What is required:
With the first line below as the start and the line containing "S \<Longrightarrow> x" as the end, copy every line between them exactly, ends included.

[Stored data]

──────────────────────────────

lemma powr_in_Wq_one:
  fixes f :: "real \<Rightarrow> real"
  assumes nonneg: "\<forall>x\<in>{-1..1}. 0 \<le> f x" and f: "f \<in> Wq q a b"
  shows "(\<lambda>x. f x powr q) \<in> Wq 1 (q * a) (q * b)"
proof -
  have "(\<integral>\<^sup>+x. ennreal \<bar>wab (q * a) (q * b) x * f x powr q\<bar> * indicator {-1..1} x \<partial>lborel)
      = (\<integral>\<^sup>+x. ennreal (\<bar>wab a b x * f x\<bar> powr q) * indicator {-1..1} x \<partial>lborel)"
    using nonneg by (intro nn_integral_cong)
      (auto simp: wab_powr wab_nonneg powr_mult split: split_indicator)
  then show ?thesis
    using f unfolding Wq_def Lq_norm_def by (simp add: enn_powr_one enn_powr_less_top_iff)
qed

lemma Lq_norm_Delta2_powr_le:
  fixes f H Y :: "real \<Rightarrow> real" and q a b :: real
  assumes q: "1 < q" and cv: "convex_on {-1<..<1} f" and nonneg: "\<forall>x\<in>{-1..1}. 0 \<le> f x"
    and step_nonneg: "\<And>x. x \<in> S \<Longrightarrow> 0 \<le> H x"
    and E: "finite E" "\<And>x. x \<in> S \<Longrightarrow> x \<notin> E \<Longrightarrow> Y x - H x \<noteq> -1 \<and> Y x + H x \<noteq> 1"
  shows "Lq_norm q S (\<lambda>x. wab a b x * Delta2 f (H x) (Y x))
    \<le> ennreal (2 powr (1 - 1 / q)) *
      enn_powr (Lq_norm 1 S (\<lambda>x. wab (q * a) (q * b) x * Delta2 (\<lambda>x. f x powr q) (H x) (Y x))) (1 / q)"
proof -
  have "\<bar>wab a b x * Delta2 f (H x) (Y x)\<bar> powr q
      \<le> 2 powr (q - 1) * \<bar>wab (q * a) (q * b) x * Delta2 (\<lambda>x. f x powr q) (H x) (Y x)\<bar>"
    if "x \<in> S" "x \<notin> E" for x
    using Delta2_powr_le[OF cv nonneg _ wab_nonneg, of q "H x" "Y x"] step_nonneg E q that
    by (simp add: wab_powr)
  then have "AE x in lborel. x \<in> S \<longrightarrow> \<bar>wab a b x * Delta2 f (H x) (Y x)\<bar> powr q
      \<le> 2 powr (q - 1) * \<bar>wab (q * a) (q * b) x * Delta2 (\<lambda>x. f x powr q) (H x) (Y x)\<bar>"
    by (intro AE_I'[OF finite_imp_null_set_lborel[OF E(1)]]) auto
  from Lq_norm_le_if_AE_powr_le[OF _ _ this] q
  show ?thesis
    by (simp add: powr_powr diff_divide_distrib)
qed

lemma SUP_le_cmult_enn_powr_SUP:
  assumes p: "0 < p" and le: "\<And>i. i \<in> I \<Longrightarrow> A i \<le> c * enn_powr (B i) p"
  shows "(SUP i\<in>I. A i) \<le> c * enn_powr (SUP i\<in>I. B i) p"
proof (rule SUP_least)
  fix i assume "i \<in> I"
  then have "A i \<le> c * enn_powr (B i) p"
    by (rule le)
  also have "\<dots> \<le> c * enn_powr (SUP i\<in>I. B i) p"
    using \<open>i \<in> I\<close> p by (intro mult_left_mono enn_powr_mono SUP_upper) auto
  finally show "A i \<le> c * enn_powr (SUP i\<in>I. B i) p" .
qed

lemma Omega_fwd_powr_le:
  fixes q a b \<delta> :: real
  assumes q: "1 < q" and cv: "convex_on {-1<..<1} f" and nonneg: "\<forall>x\<in>{-1..1}. 0 \<le> f x"
  shows "Omega_fwd f \<delta> (wab a b) q
    \<le> ennreal (2 powr (1 - 1 / q)) * enn_powr (Omega_fwd (\<lambda>x. f x powr q) \<delta> (wab (q * a) (q * b)) 1) (1 / q)"
  unfolding Omega_fwd_def Delta2_fwd_def
  using q
  apply (intro SUP_le_cmult_enn_powr_SUP)
   apply simp
  subgoal for h
    by (rule Lq_norm_Delta2_powr_le[OF q cv nonneg, where H = "\<lambda>_. h" and E = "{-1, 1 - 2 * h}"]) auto
  done

lemma Omega_bwd_powr_le:
  fixes q a b \<delta> :: real
  assumes q: "1 < q" and cv: "convex_on {-1<..<1} f" and nonneg: "\<forall>x\<in>{-1..1}. 0 \<le> f x"
  shows "Omega_bwd f \<delta> (wab a b) q
    \<le> ennreal (2 powr (1 - 1 / q)) * enn_powr (Omega_bwd (\<lambda>x. f x powr q) \<delta> (wab (q * a) (q * b)) 1) (1 / q)"
  unfolding Omega_bwd_def Delta2_bwd_def
  using q
  apply (intro SUP_le_cmult_enn_powr_SUP)
   apply simp
  subgoal for h
    by (rule Lq_norm_Delta2_powr_le[OF q cv nonneg, where H = "\<lambda>_. h" and E = "{1, 2 * h - 1}"]) auto
  done

lemma phi_minus: "phi (- x) = phi x"
  by (simp add: phi_def)

lemma phi_step_eq_minus_one:
  fixes h x :: real
  assumes "x \<in> {-1..1}" "x - h * phi x = -1"
  shows "x = -1 \<or> x = (h\<^sup>2 - 1) / (h\<^sup>2 + 1)"
proof -
  have "(phi x)\<^sup>2 = 1 - x\<^sup>2"
    using assms(1) by (simp add: phi_def abs_square_le_1 abs_le_iff)
  moreover have "x + 1 = h * phi x"
    using assms(2) by simp
  then have "(x + 1)\<^sup>2 = h\<^sup>2 * (phi x)\<^sup>2"
    by (simp add: power_mult_distrib)
  ultimately have "(x + 1)\<^sup>2 = h\<^sup>2 * (1 - x\<^sup>2)"
    by simp
  then have "(x + 1) * ((h\<^sup>2 + 1) * x - (h\<^sup>2 - 1)) = 0"
    by (simp add: algebra_simps power2_eq_square)
  then have "x + 1 = 0 \<or> (h\<^sup>2 + 1) * x - (h\<^sup>2 - 1) = 0"
    by (simp only: mult_eq_0_iff)
  moreover have "h\<^sup>2 + 1 \<noteq> 0"
    by (simp add: add_nonneg_eq_0_iff)
  ultimately show ?thesis
    by (auto simp: eq_divide_eq algebra_simps)
qed

lemma phi_step_eq_one:
  fixes h x :: real
  assumes "x \<in> {-1..1}" "x + h * phi x = 1"
  shows "x = 1 \<or> x = (1 - h\<^sup>2) / (h\<^sup>2 + 1)"
proof -
  have "(h\<^sup>2 - 1) / (h\<^sup>2 + 1) = - ((1 - h\<^sup>2) / (h\<^sup>2 + 1))"
    by (simp add: minus_divide_left)
  then show ?thesis
    using phi_step_eq_minus_one[of "- x" h] assms by (auto simp: phi_minus)
qed
lemma tsquare_placed_corners:
  assumes "square_ms B dB SB" "q \<in> M0" "grid_point p q"
  shows "placed square_corners p (B, dB, SB) (tsquare p (B, dB, SB) q) q"
  using assms(2,3)
proof (induction p arbitrary: q)
  case 0
  then have "q \<in> {0..1} \<times> {0..1}" "fst q \<in> \<int>" "snd q \<in> \<int>"
    using M0_subset_unit_sq unfolding grid_point_def unit_sq_def by auto
  then have "fst q \<in> {0, 1}" "snd q \<in> {0, 1}"
    using Ints_unit_interval by (auto simp: mem_Times_iff simp del: insert_iff)
  then have "q \<in> square_corners"
    by (simp only: mem_Times_iff)
  then show ?case
    by (simp add: tensor_pow_0)
next
  case (Suc p)
  then obtain n where n: "n \<in> NN" "cell_coords n q \<in> M0"
    "tsquare (Suc p) (B, dB, SB) q = ten_elt (tensor_pow p (B, dB, SB)) n (tsquare p (B, dB, SB) (cell_coords n q))"
    using tsquare_Suc_ten_elt[OF assms(1)] by blast
  have "3 ^ p * (3 * a - real k) = 3 ^ Suc p * a - 3 ^ p * real k" for k :: nat and a :: real
    by (simp add: algebra_simps)
  then have "grid_point p (cell_coords n q)"
    using Suc.prems(2) unfolding grid_point_def cell_coords_def
    by (auto intro: Ints_diff Ints_mult Ints_power Ints_of_nat)
  then show ?case
    using Suc.IH n cell_map_cell_coords by (metis placed.simps(2))
qed

fun tens_point :: "(nat \<times> nat) list \<Rightarrow> real \<times> real \<Rightarrow> real \<times> real" where
  "tens_point [] c = c"
| "tens_point (n # ns) c = cell_map n (tens_point ns c)"

lemma tens_elem_placed:
  "set ns \<subseteq> NN \<Longrightarrow> c \<in> A \<Longrightarrow>
     placed A (length ns) (B, dB, SB) (tens_elem (B, dB, SB) ns (SB c)) (tens_point ns c)"
proof (induction ns)
  case (Cons n ns)
  then have "n \<in> NN" "placed A (length ns) (B, dB, SB) (tens_elem (B, dB, SB) ns (SB c)) (tens_point ns c)"
    by auto
  then show ?case
    unfolding tens_elem.simps tens_point.simps length_Cons placed.simps by blast
qed simp

section \<open>Lower bound\<close>

context valid_enc
begin

lemma step_cost_lower_bound:
  assumes dist_ge: "\<And>x y g h. P x g \<Longrightarrow> P y h \<Longrightarrow> l1_dist g h \<le> d x y"
    and P_in: "\<And>x g. P x g \<Longrightarrow> x \<in> X \<and> g \<in> unit_sq"
    and P_S: "\<And>q. q \<in> M0 \<Longrightarrow> P (S q) q"
    and z: "n \<in> NN" "x \<in> X" and w: "n' \<in> NN" "x' \<in> X" and "P x0 g0"
  shows "(\<exists>x1 g1. P x1 g1 \<and> l1_dist (cell_map n g0) (cell_map n' g1) + d x1 x' / 3
            \<le> d x0 x / 3 + step_cost (X, d, S) (n, x) (n', x'))
    \<or> n \<noteq> n' \<and> step_cost (X, d, S) (n, x) (n', x') = 2"
proof -
  have x0: "x0 \<in> X" using P_in \<open>P x0 g0\<close> by blast
  consider "((n, x), (n', x')) \<in> sim_rel X S" | "((n, x), (n', x')) \<notin> sim_rel X S" "n = n'"
    | "((n, x), (n', x')) \<notin> sim_rel X S" "n \<noteq> n'"
    by blast
  then show ?thesis
  proof cases
    case 1
    then have cost: "step_cost (X, d, S) (n, x) (n', x') = 0"
      by (simp add: step_cost_def)
    from sim_rel_cases[OF S_inj 1] show ?thesis
    proof
      assume "(n, x) = (n', x')"
      then show ?thesis
        using \<open>P x0 g0\<close> cost by (intro disjI1 exI[of _ x0] exI[of _ g0]) (auto simp: l1_dist_def)
    next
      assume "\<exists>q\<in>M0. \<exists>q'\<in>M0. snd (n, x) = S q \<and> snd (n', x') = S q' \<and>
        cell_map (fst (n, x)) q = cell_map (fst (n', x')) q'"
      then obtain q q' where q: "q \<in> M0" "q' \<in> M0" "x = S q" "x' = S q'"
        "cell_map n q = cell_map n' q'" by auto
      have "l1_dist (cell_map n g0) (cell_map n' q') \<le> d x0 x / 3"
        using dist_ge[OF \<open>P x0 g0\<close> P_S[OF q(1)]] q by (simp add: l1_dist_cell_map flip: q(5))
      then show ?thesis
        using P_S[OF q(2)] zero[OF w(2)] cost q(4)
        by (intro disjI1 exI[of _ x'] exI[of _ q']) simp
    qed
  next
    case 2
    then have "step_cost (X, d, S) (n, x) (n', x') = d x x' / 3"
      by (simp add: step_cost_def pre_dist_def)
    moreover have "d x0 x' \<le> d x0 x + d x x'" using triangle x0 z w by blast
    ultimately show ?thesis
      using \<open>P x0 g0\<close> 2 by (intro disjI1 exI[of _ x0] exI[of _ g0]) (auto simp: l1_dist_def)
  next
    case 3
    then show ?thesis by (simp add: step_cost_def pre_dist_def)
  qed
qed
lemma var_edges_bounds:
  fixes p :: real
  assumes "3 \<le> n" "1 \<le> m" "0 < p" "p < 1"
  defines "B \<equiv> real n ^ 2 * p_hat m p * (1 - p_hat m p)
    + real n ^ 3 * (1 - 2 * p\<^sup>2 + p ^ 3) ^ m * min 1 (real m * p ^ 3)"
  shows "0 < B" "4 / 45 * B \<le> var_edges n m p" "var_edges n m p \<le> B" "0 < var_edges n m p"
proof -
  define u where "u = p_hat m p * (1 - p_hat m p)"
  define v where "v = (1 - 2 * p\<^sup>2 + p ^ 3) ^ m * min 1 (real m * p ^ 3)"
  define D where "D = (1 - 2 * p\<^sup>2 + p ^ 3) ^ m - (1 - p_hat m p)\<^sup>2"
  have "0 < u"
    using p_hat_strict_bounds[OF assms(2-4)] by (simp add: u_def)
  have D_bounds: "2 / 5 * v \<le> D" "D \<le> v"
    using cherry_excess_bounds[OF assms(3,4), of m] by (simp_all add: v_def D_def p_hat_def)
  have var: "var_edges n m p = real (n choose 2) * u + 6 * real (n choose 3) * D"
    using assms by (simp add: var_edges_eq u_def D_def mult.assoc)
  have B: "B = real n ^ 2 * u + real n ^ 3 * v"
    by (simp add: B_def u_def v_def mult.assoc)
  have "0 \<le> v"
    using D_bounds by linarith
  then have "0 < real n ^ 2 * u" "0 \<le> real n ^ 3 * v"
    using \<open>0 < u\<close> assms(1) by simp_all
  then show "0 < B"
    unfolding B by linarith
  have "real n ^ 2 / 3 * u \<le> real (n choose 2) * u"
    using choose_two_bounds(1)[OF assms(1)] \<open>0 < u\<close> by (intro mult_right_mono) auto
  then have "1 / 3 * (real n ^ 2 * u) \<le> real (n choose 2) * u"
    by simp
  moreover have "2 / 9 * real n ^ 3 * (2 / 5 * v) \<le> 6 * real (n choose 3) * D"
    using \<open>0 \<le> v\<close> by (intro mult_mono[OF choose_three_bounds(1)[OF assms(1)] D_bounds(1)]) simp_all
  then have "4 / 45 * (real n ^ 3 * v) \<le> 6 * real (n choose 3) * D"
    by simp
  ultimately show "4 / 45 * B \<le> var_edges n m p"
    unfolding var B distrib_left using \<open>0 < real n ^ 2 * u\<close> by linarith
  have "real (n choose 2) \<le> real n ^ 2"
    using choose_two_bounds(2)[OF assms(1)] zero_le_power2[of "real n"] by linarith
  then have "real (n choose 2) * u \<le> real n ^ 2 * u"
    using \<open>0 < u\<close> by (simp add: mult_right_mono)
  moreover have "6 * real (n choose 3) * D \<le> real n ^ 3 * v"
    using D_bounds \<open>0 \<le> v\<close>
    by (intro mult_mono[OF choose_three_bounds(2)[OF assms(1)] D_bounds(2)]) simp_all
  ultimately show "var_edges n m p \<le> B"
    unfolding var B by linarith
  with \<open>0 < B\<close> \<open>4 / 45 * B \<le> var_edges n m p\<close> show "0 < var_edges n m p"
    by linarith
qed
(* $\int_{\mathbb{R}^d}\nabla W\cdot\nabla\mathcal Y_1\,dx\neq0$, where $\mathcal Y_1=\Re\mathcal Y_+$.
   Context: $d\ge5$. $W(x)=c_0(1+|x|^2)^{-\frac{d-2}{2}}$ with $c_0>0$ so that $-\Delta W=(|x|^{-4}*|W|^2)W$; $\widetilde W=\frac{d-2}{2}W+x\cdot\nabla W$; $(f,g)_{\dot H^1}=\Re\int\nabla f\cdot\overline{\nabla g}$. For real $f$: $L_+f=-\Delta f-(|x|^{-4}*W^2)f-2(|x|^{-4}*(Wf))W$, $L_-f=-\Delta f-(|x|^{-4}*W^2)f$; for $h=h_1+ih_2$, $\mathcal Lh=-L_-h_2+iL_+h_1$; $B(g,h)=\frac12\int(L_+g_1)h_1+\frac12\int(L_-g_2)h_2$, $\Phi(h)=B(h,h)$. Here $e_0>0$ and $\mathcal Y_\pm\in\mathcal S$ are the radial eigenfunctions of $\mathcal L$ with $\mathcal L\mathcal Y_\pm=\pm e_0\mathcal Y_\pm$, $\mathcal Y_+=\overline{\mathcal Y_-}$, for which there is $c>0$ with $\Phi(h)\ge c\|h\|^2_{\dot H^1}$ for all radial $h\in\dot H^1$ satisfying $(iW,h)_{\dot H^1}=(\widetilde W,h)_{\dot H^1}=B(\mathcal Y_\pm,h)=0$. *)

theory Defs
  imports "HOL-Analysis.Analysis"
begin

text \<open>Functions on R^d are modelled on the type real^'n with d = CARD('n).\<close>

definition pdiff :: "'n::finite \<Rightarrow> (real^'n \<Rightarrow> 'b::real_normed_vector) \<Rightarrow> real^'n \<Rightarrow> 'b" where
  "pdiff i f x = vector_derivative (\<lambda>t::real. f (x + t *\<^sub>R axis i 1)) (at 0)"

fun pd_iter :: "'n::finite list \<Rightarrow> (real^'n \<Rightarrow> 'b::real_normed_vector) \<Rightarrow> real^'n \<Rightarrow> 'b" where
  "pd_iter [] f = f"
| "pd_iter (i # is) f = pdiff i (pd_iter is f)"

definition schwartz :: "(real^'n::finite \<Rightarrow> 'b::real_normed_vector) \<Rightarrow> bool" where
  "schwartz f \<longleftrightarrow>
     (\<forall>is. continuous_on UNIV (pd_iter is f) \<and>
           (\<forall>i x. (\<lambda>t::real. pd_iter is f (x + t *\<^sub>R axis i 1)) differentiable (at 0)) \<and>
           (\<forall>N::nat. bounded (range (\<lambda>x. ((1 + norm x) ^ N) *\<^sub>R pd_iter is f x))))"

definition radial :: "(real^'n::finite \<Rightarrow> 'b) \<Rightarrow> bool" where
  "radial f \<longleftrightarrow> (\<forall>x y. norm x = norm y \<longrightarrow> f x = f y)"

definition lap :: "(real^'n::finite \<Rightarrow> 'b::real_normed_vector) \<Rightarrow> real^'n \<Rightarrow> 'b" where
  "lap f x = (\<Sum>i\<in>UNIV. pdiff i (pdiff i f) x)"

definition conv4 :: "(real^'n::finite \<Rightarrow> real) \<Rightarrow> real^'n \<Rightarrow> real" where
  "conv4 g x = (\<integral>y. g y / norm (x - y) ^ 4 \<partial>lborel)"

definition Lplus :: "(real^'n::finite \<Rightarrow> real) \<Rightarrow> (real^'n \<Rightarrow> real) \<Rightarrow> real^'n \<Rightarrow> real" where
  "Lplus W f x = - lap f x - conv4 (\<lambda>y. W y ^ 2) x * f x
                 - 2 * conv4 (\<lambda>y. W y * f y) x * W x"

definition Lminus :: "(real^'n::finite \<Rightarrow> real) \<Rightarrow> (real^'n \<Rightarrow> real) \<Rightarrow> real^'n \<Rightarrow> real" where
  "Lminus W f x = - lap f x - conv4 (\<lambda>y. W y ^ 2) x * f x"

definition Lop :: "(real^'n::finite \<Rightarrow> real) \<Rightarrow> (real^'n \<Rightarrow> complex) \<Rightarrow> real^'n \<Rightarrow> complex" where
  "Lop W h x = Complex (- Lminus W (\<lambda>y. Im (h y)) x) (Lplus W (\<lambda>y. Re (h y)) x)"

definition Bform :: "(real^'n::finite \<Rightarrow> real) \<Rightarrow> (real^'n \<Rightarrow> complex) \<Rightarrow> (real^'n \<Rightarrow> complex) \<Rightarrow> real" where
  "Bform W g h = (1/2) * (\<integral>x. Lplus W (\<lambda>y. Re (g y)) x * Re (h x) \<partial>lborel)
               + (1/2) * (\<integral>x. Lminus W (\<lambda>y. Im (g y)) x * Im (h x) \<partial>lborel)"

text \<open>Phi(h) = B(h,h), written in its (integrated by parts) energy form,
  which is the meaning of B(h,h) for h in the energy space.\<close>
definition Phi :: "(real^'n::finite \<Rightarrow> real) \<Rightarrow> (real^'n \<Rightarrow> complex) \<Rightarrow> real" where
  "Phi W h = (let h1 = (\<lambda>y. Re (h y)); h2 = (\<lambda>y. Im (h y)) in
      (1/2) * ((\<Sum>i\<in>UNIV. \<integral>x. (pdiff i h1 x)\<^sup>2 \<partial>lborel)
               - (\<integral>x. conv4 (\<lambda>y. W y ^ 2) x * (h1 x)\<^sup>2 \<partial>lborel)
               - 2 * (\<integral>x. conv4 (\<lambda>y. W y * h1 y) x * W x * h1 x \<partial>lborel))
    + (1/2) * ((\<Sum>i\<in>UNIV. \<integral>x. (pdiff i h2 x)\<^sup>2 \<partial>lborel)
               - (\<integral>x. conv4 (\<lambda>y. W y ^ 2) x * (h2 x)\<^sup>2 \<partial>lborel)))"

definition hdot_inner :: "(real^'n::finite \<Rightarrow> complex) \<Rightarrow> (real^'n \<Rightarrow> complex) \<Rightarrow> real" where
  "hdot_inner f g = Re (\<Sum>i\<in>UNIV. \<integral>x. pdiff i f x * cnj (pdiff i g x) \<partial>lborel)"

definition hdot_norm2 :: "(real^'n::finite \<Rightarrow> complex) \<Rightarrow> real" where
  "hdot_norm2 h = (\<Sum>i\<in>UNIV. \<integral>x. (cmod (pdiff i h x))\<^sup>2 \<partial>lborel)"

──────────────────────────────

Reply:
lemma powr_in_Wq_one:
  fixes f :: "real \<Rightarrow> real"
  assumes nonneg: "\<forall>x\<in>{-1..1}. 0 \<le> f x" and f: "f \<in> Wq q a b"
  shows "(\<lambda>x. f x powr q) \<in> Wq 1 (q * a) (q * b)"
proof -
  have "(\<integral>\<^sup>+x. ennreal \<bar>wab (q * a) (q * b) x * f x powr q\<bar> * indicator {-1..1} x \<partial>lborel)
      = (\<integral>\<^sup>+x. ennreal (\<bar>wab a b x * f x\<bar> powr q) * indicator {-1..1} x \<partial>lborel)"
    using nonneg by (intro nn_integral_cong)
      (auto simp: wab_powr wab_nonneg powr_mult split: split_indicator)
  then show ?thesis
    using f unfolding Wq_def Lq_norm_def by (simp add: enn_powr_one enn_powr_less_top_iff)
qed

lemma Lq_norm_Delta2_powr_le:
  fixes f H Y :: "real \<Rightarrow> real" and q a b :: real
  assumes q: "1 < q" and cv: "convex_on {-1<..<1} f" and nonneg: "\<forall>x\<in>{-1..1}. 0 \<le> f x"
    and step_nonneg: "\<And>x. x \<in> S \<Longrightarrow> 0 \<le> H x"
    and E: "finite E" "\<And>x. x \<in> S \<Longrightarrow> x \<notin> E \<Longrightarrow> Y x - H x \<noteq> -1 \<and> Y x + H x \<noteq> 1"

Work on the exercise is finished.